[What is being asked]
In the records below, some lines hold the word "subseteq". Copy each of those lines.
=== Material provided ===
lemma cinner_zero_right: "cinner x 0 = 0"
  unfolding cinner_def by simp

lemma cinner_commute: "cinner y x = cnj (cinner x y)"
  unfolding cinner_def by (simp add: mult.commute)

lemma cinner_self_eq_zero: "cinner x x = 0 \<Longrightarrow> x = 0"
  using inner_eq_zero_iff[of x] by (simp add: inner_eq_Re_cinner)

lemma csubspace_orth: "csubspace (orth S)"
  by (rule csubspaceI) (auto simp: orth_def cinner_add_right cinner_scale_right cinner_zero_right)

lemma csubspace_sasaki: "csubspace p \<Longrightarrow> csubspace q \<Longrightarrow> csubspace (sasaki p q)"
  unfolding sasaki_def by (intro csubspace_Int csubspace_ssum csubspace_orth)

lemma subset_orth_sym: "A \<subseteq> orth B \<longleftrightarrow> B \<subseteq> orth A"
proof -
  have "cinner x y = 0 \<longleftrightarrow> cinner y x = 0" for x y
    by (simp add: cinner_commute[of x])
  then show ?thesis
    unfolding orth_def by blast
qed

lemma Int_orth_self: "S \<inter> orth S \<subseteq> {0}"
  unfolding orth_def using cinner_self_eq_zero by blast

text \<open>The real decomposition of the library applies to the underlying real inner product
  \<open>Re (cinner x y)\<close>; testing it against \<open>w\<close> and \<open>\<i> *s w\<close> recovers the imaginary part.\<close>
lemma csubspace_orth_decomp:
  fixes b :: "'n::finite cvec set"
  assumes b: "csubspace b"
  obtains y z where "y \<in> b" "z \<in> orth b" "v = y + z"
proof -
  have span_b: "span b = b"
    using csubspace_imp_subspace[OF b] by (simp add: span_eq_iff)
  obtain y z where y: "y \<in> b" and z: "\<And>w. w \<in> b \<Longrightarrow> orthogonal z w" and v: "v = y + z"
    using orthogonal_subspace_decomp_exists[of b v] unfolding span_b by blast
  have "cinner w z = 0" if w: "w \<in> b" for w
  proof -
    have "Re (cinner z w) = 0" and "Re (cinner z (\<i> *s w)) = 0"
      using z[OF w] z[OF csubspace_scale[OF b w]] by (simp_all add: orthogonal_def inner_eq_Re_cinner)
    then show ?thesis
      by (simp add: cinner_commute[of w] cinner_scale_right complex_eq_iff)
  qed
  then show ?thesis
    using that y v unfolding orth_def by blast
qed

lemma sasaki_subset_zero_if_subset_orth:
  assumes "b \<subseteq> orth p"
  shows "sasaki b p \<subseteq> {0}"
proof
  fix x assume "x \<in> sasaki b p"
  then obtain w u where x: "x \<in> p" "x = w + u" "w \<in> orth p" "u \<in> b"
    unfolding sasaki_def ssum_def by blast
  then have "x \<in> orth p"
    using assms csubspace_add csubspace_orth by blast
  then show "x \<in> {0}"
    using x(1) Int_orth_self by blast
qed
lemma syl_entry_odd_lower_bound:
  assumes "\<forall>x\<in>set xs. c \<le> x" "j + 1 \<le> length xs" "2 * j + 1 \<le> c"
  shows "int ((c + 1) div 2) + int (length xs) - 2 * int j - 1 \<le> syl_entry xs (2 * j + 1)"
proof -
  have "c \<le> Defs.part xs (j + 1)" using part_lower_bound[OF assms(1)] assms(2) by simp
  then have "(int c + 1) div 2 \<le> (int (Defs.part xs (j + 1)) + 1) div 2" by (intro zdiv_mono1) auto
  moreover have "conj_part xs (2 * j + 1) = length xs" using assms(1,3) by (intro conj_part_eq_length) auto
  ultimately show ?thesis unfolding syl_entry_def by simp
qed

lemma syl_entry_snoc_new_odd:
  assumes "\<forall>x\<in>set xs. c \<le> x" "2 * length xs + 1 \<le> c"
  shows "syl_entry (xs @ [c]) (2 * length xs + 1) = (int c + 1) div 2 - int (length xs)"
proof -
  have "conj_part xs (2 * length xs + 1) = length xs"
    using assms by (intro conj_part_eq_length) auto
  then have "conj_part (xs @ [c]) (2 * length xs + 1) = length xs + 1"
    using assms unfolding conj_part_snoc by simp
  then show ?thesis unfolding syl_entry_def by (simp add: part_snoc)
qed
===
[Written answer]
lemma subset_orth_sym: "A \<subseteq> orth B \<longleftrightarrow> B \<subseteq> orth A"
lemma Int_orth_self: "S \<inter> orth S \<subseteq> {0}"
  assumes "b \<subseteq> orth p"
  shows "sasaki b p \<subseteq> {0}"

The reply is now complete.